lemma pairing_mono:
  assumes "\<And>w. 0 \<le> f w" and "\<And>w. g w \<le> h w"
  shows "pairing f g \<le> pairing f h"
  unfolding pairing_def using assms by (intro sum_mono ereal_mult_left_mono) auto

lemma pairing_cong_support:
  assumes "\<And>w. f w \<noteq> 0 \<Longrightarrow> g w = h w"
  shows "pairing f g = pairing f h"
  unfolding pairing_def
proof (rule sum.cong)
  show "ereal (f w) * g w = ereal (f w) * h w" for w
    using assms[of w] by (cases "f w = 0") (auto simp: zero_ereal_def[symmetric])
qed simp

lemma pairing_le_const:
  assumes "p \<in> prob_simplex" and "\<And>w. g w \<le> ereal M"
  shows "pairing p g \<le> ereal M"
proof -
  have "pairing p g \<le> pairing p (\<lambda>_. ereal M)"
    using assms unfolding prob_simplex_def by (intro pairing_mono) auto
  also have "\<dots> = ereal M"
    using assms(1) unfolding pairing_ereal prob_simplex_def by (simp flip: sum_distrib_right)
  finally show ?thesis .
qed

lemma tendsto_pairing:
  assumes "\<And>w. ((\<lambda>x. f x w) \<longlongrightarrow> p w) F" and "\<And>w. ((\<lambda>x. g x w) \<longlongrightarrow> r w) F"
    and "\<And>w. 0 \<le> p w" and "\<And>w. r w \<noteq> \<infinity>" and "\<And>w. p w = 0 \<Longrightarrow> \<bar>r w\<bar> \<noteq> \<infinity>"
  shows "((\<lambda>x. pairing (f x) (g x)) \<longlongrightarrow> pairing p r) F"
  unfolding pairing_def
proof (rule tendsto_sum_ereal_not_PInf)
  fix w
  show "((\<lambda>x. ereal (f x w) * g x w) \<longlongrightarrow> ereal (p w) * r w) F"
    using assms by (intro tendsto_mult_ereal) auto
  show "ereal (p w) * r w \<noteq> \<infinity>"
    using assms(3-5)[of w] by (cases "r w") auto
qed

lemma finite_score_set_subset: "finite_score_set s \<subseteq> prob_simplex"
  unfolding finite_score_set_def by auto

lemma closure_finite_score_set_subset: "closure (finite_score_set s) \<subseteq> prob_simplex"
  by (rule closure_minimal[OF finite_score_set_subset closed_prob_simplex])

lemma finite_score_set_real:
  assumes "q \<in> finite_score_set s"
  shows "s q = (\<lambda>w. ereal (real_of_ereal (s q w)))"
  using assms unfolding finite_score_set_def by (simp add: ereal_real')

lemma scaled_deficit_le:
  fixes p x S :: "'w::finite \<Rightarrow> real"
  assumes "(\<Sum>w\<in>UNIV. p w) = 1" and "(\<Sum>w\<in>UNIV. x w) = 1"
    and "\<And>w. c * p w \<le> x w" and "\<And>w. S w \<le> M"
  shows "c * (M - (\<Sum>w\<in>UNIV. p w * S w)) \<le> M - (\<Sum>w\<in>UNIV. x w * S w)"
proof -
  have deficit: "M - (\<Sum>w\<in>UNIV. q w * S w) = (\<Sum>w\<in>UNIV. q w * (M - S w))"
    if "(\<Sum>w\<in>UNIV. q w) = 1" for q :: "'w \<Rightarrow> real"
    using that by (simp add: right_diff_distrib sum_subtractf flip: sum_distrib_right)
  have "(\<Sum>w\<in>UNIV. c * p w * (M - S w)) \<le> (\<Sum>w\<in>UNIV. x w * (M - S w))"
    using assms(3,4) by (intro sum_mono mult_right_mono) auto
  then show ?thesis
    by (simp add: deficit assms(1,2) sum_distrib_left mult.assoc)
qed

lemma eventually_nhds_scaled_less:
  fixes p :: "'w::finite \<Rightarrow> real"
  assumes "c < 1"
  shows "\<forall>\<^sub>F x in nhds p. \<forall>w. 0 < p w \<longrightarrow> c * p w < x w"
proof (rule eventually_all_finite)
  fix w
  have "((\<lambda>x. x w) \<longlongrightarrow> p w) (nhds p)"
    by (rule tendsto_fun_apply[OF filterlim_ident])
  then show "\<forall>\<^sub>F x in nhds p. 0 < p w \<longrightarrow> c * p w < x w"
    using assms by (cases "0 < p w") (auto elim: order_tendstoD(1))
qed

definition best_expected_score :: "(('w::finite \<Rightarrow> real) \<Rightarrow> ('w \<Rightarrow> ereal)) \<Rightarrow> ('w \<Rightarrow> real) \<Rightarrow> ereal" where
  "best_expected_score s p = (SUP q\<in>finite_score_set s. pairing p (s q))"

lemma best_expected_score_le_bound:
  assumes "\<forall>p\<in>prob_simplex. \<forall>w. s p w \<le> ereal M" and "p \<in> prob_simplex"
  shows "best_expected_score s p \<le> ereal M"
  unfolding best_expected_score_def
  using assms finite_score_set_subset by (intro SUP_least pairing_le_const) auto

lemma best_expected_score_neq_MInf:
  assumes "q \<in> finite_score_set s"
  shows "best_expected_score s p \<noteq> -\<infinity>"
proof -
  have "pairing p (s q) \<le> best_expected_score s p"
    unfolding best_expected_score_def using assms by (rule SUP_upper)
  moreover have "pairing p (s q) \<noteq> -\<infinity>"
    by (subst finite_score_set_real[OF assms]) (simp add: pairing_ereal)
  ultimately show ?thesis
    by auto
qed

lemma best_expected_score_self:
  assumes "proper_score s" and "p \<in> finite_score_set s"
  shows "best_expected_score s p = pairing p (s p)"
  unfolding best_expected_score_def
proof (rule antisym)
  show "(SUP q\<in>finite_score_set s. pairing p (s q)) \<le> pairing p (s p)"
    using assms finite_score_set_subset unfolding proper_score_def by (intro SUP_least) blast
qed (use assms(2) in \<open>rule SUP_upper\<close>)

■ ■ ■ ■ ■

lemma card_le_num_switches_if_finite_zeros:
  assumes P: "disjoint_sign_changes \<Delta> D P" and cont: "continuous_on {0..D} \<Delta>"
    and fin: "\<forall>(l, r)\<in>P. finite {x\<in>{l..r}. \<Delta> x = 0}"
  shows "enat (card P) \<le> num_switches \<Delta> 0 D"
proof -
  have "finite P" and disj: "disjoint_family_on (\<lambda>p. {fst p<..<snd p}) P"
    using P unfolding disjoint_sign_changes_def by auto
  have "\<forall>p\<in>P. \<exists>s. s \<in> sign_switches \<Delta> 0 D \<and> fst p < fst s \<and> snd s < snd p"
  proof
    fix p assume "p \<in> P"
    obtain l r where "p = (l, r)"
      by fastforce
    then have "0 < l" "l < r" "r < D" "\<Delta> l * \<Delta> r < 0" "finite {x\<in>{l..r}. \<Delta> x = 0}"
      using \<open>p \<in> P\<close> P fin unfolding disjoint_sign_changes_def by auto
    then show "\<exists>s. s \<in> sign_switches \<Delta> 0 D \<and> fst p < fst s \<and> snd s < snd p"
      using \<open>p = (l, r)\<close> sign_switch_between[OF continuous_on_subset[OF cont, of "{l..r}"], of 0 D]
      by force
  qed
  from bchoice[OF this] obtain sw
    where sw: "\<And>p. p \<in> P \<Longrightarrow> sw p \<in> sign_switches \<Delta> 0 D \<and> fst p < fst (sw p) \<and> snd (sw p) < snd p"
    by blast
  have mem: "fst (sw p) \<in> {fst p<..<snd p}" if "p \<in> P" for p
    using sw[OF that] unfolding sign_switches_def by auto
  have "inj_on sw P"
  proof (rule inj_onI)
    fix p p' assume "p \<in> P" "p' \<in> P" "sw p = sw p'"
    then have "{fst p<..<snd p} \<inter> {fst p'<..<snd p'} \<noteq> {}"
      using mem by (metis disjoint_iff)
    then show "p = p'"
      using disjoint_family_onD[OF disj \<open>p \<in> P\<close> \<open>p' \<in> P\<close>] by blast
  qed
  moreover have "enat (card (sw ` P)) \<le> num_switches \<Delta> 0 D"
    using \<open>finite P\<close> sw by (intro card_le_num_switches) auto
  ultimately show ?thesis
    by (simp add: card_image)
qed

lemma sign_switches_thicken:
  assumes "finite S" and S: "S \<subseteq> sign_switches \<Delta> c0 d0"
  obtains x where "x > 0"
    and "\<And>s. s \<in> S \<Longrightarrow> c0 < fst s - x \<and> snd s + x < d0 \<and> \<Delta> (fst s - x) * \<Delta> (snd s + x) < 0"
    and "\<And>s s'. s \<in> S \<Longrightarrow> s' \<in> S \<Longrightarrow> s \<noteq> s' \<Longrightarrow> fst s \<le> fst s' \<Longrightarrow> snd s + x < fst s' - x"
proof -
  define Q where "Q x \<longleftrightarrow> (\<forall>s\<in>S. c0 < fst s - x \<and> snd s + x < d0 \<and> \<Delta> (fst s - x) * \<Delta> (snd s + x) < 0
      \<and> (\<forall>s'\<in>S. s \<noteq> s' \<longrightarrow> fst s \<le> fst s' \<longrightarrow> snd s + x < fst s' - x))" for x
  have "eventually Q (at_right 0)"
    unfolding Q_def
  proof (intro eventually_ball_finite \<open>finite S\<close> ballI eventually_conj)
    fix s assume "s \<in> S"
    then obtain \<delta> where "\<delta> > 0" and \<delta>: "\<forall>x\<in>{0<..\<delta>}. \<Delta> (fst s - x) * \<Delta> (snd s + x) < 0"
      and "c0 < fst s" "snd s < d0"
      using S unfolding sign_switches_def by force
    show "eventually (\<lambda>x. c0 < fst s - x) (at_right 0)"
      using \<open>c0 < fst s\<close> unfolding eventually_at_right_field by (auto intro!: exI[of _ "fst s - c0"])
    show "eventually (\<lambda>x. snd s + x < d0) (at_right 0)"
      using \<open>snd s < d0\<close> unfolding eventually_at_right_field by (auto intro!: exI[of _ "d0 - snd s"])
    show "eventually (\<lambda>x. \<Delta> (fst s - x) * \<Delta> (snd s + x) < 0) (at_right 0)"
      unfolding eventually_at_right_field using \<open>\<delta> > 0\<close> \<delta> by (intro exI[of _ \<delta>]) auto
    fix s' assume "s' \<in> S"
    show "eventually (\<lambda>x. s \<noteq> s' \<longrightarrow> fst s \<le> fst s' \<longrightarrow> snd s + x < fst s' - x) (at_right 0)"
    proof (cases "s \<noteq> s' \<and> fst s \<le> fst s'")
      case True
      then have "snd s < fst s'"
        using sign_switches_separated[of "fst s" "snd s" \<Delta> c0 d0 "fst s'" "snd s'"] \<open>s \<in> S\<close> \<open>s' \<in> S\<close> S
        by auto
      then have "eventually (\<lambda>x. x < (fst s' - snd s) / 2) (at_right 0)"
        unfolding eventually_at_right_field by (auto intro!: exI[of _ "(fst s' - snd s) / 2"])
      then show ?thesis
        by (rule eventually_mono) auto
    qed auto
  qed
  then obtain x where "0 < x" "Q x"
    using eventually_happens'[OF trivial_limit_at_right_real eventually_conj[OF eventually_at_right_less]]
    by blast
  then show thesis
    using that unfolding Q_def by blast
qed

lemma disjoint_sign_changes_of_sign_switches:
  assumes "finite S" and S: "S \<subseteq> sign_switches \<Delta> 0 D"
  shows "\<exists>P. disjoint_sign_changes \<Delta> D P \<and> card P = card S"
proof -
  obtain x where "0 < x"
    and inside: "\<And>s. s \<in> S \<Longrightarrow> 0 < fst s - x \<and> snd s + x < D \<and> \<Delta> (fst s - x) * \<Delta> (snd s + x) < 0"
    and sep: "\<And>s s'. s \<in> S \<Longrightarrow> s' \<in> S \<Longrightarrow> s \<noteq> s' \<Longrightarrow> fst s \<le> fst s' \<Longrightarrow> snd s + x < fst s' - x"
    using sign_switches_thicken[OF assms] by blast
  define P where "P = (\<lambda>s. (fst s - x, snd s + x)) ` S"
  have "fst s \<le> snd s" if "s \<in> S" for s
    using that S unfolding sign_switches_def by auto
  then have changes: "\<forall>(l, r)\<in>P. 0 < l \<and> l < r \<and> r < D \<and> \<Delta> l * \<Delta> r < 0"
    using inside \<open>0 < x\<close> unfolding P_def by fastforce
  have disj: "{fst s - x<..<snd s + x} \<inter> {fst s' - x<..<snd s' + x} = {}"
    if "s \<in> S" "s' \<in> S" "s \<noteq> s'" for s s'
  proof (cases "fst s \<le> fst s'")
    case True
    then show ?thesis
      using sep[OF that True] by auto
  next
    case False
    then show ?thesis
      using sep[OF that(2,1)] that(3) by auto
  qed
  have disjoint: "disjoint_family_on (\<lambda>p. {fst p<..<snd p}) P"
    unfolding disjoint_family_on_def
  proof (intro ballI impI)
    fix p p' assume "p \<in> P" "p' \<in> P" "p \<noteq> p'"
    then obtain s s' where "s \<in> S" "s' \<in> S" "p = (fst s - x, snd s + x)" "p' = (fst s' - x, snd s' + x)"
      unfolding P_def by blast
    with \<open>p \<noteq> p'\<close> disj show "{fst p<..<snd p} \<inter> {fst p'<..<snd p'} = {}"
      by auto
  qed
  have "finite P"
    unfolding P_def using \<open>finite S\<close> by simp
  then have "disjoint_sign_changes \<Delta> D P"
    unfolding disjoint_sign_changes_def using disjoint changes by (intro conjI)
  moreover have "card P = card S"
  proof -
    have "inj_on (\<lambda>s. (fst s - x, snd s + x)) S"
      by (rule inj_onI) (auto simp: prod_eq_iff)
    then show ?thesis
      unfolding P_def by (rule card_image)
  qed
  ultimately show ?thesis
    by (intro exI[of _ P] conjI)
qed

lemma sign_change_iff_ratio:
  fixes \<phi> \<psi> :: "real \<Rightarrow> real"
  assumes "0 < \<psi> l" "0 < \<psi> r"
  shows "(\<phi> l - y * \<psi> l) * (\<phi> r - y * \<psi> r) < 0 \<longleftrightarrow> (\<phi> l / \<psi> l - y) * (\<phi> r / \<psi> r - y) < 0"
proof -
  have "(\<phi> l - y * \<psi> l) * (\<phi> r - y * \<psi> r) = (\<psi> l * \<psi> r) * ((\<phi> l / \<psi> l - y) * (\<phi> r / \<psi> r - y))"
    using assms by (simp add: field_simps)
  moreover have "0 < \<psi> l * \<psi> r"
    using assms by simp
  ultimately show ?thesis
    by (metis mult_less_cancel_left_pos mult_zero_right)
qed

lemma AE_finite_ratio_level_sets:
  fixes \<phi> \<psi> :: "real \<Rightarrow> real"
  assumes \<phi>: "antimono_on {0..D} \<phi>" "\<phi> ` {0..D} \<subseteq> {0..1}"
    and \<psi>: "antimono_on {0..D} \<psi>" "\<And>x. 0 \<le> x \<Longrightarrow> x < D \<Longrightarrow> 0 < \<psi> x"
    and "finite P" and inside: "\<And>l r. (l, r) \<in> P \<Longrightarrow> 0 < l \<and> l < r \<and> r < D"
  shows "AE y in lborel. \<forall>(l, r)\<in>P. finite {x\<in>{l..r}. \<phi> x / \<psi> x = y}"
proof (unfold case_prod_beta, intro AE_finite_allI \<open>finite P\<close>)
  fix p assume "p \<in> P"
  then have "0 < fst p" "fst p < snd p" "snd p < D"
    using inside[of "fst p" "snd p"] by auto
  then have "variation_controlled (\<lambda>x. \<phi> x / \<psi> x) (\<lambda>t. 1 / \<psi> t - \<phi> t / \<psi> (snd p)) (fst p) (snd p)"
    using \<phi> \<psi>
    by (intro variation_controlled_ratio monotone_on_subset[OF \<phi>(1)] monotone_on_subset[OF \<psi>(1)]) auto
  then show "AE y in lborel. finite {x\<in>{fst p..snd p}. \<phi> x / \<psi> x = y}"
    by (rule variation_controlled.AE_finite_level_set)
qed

■ ■ ■ ■ ■

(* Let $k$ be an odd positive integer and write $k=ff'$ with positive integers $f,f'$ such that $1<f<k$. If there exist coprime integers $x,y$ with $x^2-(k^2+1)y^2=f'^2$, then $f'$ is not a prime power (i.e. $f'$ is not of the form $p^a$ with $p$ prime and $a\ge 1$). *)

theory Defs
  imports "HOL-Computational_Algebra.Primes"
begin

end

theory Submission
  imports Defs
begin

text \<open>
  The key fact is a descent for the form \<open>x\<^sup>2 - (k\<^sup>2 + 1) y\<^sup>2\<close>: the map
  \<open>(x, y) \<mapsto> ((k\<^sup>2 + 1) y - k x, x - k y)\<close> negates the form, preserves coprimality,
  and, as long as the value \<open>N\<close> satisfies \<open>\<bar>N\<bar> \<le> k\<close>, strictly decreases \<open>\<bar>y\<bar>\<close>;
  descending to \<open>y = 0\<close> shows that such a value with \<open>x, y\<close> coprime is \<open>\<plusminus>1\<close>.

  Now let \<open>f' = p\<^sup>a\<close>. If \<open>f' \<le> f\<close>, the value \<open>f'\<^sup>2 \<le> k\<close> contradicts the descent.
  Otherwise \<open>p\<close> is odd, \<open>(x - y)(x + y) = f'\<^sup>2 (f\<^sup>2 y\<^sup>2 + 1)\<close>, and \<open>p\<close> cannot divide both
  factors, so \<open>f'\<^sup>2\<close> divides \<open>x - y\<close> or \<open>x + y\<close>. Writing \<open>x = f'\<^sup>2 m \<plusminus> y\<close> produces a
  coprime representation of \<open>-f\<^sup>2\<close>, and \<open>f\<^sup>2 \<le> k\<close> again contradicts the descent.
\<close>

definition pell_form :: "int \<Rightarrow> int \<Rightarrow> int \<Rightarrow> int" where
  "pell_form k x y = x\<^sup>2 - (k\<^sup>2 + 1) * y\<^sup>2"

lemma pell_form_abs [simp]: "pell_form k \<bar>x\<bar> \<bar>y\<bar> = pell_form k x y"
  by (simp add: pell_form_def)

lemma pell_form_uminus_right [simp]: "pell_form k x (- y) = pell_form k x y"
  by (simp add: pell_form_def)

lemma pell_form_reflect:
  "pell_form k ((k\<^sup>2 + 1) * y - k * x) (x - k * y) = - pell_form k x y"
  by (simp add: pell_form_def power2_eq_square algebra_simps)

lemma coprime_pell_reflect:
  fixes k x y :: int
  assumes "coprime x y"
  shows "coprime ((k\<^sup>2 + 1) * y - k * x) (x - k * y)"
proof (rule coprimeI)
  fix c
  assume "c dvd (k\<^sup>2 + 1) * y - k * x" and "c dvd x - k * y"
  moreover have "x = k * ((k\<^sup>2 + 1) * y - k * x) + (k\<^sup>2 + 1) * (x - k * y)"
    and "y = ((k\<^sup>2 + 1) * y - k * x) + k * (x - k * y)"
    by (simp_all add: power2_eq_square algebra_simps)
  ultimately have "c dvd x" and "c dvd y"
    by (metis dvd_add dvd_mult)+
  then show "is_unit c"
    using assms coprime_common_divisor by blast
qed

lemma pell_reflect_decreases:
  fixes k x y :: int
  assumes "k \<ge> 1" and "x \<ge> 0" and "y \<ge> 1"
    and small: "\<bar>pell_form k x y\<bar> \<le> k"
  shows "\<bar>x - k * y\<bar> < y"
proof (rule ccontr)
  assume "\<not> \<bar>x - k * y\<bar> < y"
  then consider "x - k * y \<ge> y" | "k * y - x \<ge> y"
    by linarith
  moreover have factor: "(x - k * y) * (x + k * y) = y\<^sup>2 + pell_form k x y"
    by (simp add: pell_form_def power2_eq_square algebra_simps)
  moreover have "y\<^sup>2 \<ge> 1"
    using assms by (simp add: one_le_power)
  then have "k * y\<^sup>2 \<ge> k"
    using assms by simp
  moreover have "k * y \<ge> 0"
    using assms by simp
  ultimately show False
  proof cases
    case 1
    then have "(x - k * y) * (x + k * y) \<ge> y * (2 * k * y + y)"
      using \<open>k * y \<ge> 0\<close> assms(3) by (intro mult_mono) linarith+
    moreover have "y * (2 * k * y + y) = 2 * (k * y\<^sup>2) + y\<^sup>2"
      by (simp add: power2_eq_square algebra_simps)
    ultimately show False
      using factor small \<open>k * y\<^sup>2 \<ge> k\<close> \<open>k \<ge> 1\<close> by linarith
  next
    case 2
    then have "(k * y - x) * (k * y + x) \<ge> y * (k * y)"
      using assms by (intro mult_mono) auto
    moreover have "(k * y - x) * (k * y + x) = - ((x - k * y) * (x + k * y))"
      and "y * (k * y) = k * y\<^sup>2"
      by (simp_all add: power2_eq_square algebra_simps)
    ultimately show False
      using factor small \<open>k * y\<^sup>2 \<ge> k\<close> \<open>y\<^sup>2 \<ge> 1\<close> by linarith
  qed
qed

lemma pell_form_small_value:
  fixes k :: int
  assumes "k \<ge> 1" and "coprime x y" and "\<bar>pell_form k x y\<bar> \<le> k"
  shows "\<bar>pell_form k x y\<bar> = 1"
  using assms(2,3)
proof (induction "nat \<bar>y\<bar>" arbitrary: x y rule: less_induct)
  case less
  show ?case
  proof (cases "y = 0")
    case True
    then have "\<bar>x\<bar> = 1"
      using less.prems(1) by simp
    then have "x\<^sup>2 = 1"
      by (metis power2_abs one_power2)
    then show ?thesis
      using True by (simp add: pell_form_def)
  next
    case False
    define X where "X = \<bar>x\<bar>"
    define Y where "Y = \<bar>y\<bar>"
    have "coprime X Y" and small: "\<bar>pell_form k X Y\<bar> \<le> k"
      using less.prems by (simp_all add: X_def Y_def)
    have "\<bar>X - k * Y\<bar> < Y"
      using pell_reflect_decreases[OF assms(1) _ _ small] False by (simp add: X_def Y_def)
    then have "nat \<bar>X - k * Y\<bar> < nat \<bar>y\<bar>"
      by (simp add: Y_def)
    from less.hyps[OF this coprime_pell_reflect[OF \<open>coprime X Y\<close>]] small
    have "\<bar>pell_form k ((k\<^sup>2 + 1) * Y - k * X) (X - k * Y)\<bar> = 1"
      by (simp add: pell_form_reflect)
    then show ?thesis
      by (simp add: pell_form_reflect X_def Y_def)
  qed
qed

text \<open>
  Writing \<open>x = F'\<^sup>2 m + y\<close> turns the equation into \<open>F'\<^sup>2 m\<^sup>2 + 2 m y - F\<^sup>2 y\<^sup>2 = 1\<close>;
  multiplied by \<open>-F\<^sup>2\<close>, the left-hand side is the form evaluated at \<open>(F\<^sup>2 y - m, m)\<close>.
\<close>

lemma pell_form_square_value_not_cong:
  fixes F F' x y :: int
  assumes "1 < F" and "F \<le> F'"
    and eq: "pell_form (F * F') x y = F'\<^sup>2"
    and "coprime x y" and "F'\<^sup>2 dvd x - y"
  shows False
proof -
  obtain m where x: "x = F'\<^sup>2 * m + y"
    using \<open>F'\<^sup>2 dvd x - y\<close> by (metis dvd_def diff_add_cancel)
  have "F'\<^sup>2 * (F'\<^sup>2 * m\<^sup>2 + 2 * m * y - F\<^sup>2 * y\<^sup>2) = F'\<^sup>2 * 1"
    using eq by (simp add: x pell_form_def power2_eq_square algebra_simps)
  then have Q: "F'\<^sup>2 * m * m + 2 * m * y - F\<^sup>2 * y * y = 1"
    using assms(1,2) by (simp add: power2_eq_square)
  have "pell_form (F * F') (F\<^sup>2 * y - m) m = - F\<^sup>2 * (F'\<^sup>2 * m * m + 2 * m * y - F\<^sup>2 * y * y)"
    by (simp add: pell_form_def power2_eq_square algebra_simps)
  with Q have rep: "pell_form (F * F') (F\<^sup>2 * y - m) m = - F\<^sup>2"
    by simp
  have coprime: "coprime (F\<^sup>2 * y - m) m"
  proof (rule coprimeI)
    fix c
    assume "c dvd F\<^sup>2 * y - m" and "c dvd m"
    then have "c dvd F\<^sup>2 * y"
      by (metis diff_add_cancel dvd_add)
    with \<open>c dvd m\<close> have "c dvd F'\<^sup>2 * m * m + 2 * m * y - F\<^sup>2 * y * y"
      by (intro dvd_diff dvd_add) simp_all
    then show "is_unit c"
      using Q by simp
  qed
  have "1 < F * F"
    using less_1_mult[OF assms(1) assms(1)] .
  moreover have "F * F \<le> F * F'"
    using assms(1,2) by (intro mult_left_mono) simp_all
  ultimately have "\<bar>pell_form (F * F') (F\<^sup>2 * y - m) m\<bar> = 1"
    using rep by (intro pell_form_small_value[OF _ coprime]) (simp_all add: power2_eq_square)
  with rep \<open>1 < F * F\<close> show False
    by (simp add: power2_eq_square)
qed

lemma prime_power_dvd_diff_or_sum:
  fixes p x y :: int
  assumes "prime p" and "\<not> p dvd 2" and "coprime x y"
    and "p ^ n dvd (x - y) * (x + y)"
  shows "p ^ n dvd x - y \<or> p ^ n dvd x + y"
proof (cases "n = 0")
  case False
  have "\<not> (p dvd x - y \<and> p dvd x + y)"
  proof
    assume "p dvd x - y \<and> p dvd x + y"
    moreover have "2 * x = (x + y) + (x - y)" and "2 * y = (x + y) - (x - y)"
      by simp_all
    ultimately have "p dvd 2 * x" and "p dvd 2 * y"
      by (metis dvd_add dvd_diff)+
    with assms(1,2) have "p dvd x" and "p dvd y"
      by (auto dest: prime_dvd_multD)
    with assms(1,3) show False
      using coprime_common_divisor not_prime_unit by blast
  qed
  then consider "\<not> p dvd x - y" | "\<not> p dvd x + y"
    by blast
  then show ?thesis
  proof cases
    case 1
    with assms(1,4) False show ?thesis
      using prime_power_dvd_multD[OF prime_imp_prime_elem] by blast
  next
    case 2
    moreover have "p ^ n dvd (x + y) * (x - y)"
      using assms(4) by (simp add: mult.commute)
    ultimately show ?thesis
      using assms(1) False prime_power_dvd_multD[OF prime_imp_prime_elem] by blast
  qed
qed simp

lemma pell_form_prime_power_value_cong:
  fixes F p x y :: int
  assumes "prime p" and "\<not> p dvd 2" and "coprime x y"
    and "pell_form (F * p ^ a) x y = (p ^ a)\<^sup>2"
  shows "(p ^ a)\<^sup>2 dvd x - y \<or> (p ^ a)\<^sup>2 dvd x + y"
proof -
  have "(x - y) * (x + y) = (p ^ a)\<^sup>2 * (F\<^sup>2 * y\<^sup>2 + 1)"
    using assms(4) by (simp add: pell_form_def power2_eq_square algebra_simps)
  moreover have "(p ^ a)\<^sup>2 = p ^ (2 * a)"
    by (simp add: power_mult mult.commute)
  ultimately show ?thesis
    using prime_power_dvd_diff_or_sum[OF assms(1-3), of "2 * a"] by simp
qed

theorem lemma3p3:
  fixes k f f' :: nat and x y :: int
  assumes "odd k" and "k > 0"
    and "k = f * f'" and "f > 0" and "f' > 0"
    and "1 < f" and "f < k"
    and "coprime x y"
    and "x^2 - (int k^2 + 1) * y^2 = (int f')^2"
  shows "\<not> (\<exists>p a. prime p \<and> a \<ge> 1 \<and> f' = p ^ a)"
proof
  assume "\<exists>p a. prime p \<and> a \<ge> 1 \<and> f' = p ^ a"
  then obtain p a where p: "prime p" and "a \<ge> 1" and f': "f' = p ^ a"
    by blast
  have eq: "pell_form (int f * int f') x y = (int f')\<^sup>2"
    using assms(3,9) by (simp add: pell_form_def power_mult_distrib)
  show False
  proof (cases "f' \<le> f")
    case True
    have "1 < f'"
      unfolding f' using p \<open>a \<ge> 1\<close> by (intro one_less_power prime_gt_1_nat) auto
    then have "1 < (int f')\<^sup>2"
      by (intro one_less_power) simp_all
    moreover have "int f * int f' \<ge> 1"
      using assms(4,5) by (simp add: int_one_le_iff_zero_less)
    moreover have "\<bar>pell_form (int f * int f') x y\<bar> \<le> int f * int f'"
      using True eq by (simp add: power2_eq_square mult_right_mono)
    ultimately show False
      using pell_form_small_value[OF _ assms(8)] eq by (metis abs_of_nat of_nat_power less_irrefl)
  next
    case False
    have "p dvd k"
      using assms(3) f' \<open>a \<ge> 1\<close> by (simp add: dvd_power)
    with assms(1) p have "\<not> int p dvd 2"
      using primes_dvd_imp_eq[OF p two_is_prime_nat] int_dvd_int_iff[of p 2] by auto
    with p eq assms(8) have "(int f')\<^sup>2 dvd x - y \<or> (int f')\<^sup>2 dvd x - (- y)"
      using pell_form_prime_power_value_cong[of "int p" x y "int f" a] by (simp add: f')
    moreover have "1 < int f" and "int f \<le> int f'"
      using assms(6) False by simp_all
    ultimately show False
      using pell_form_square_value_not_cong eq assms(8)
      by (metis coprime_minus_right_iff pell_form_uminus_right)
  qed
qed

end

■ ■ ■ ■ ■

→ EXERCISE REQUIREMENTS
Could you transcribe the entries above word for word, from the line with "unfolding f' using" down to the line with "(simp add: f')", keeping both?

→ ANSWER BOX
      unfolding f' using p \<open>a \<ge> 1\<close> by (intro one_less_power prime_gt_1_nat) auto
    then have "1 < (int f')\<^sup>2"
      by (intro one_less_power) simp_all
    moreover have "int f * int f' \<ge> 1"
      using assms(4,5) by (simp add: int_one_le_iff_zero_less)
    moreover have "\<bar>pell_form (int f * int f') x y\<bar> \<le> int f * int f'"
      using True eq by (simp add: power2_eq_square mult_right_mono)
    ultimately show False
      using pell_form_small_value[OF _ assms(8)] eq by (metis abs_of_nat of_nat_power less_irrefl)
  next
    case False
    have "p dvd k"
      using assms(3) f' \<open>a \<ge> 1\<close> by (simp add: dvd_power)
    with assms(1) p have "\<not> int p dvd 2"
      using primes_dvd_imp_eq[OF p two_is_prime_nat] int_dvd_int_iff[of p 2] by auto
    with p eq assms(8) have "(int f')\<^sup>2 dvd x - y \<or> (int f')\<^sup>2 dvd x - (- y)"
      using pell_form_prime_power_value_cong[of "int p" x y "int f" a] by (simp add: f')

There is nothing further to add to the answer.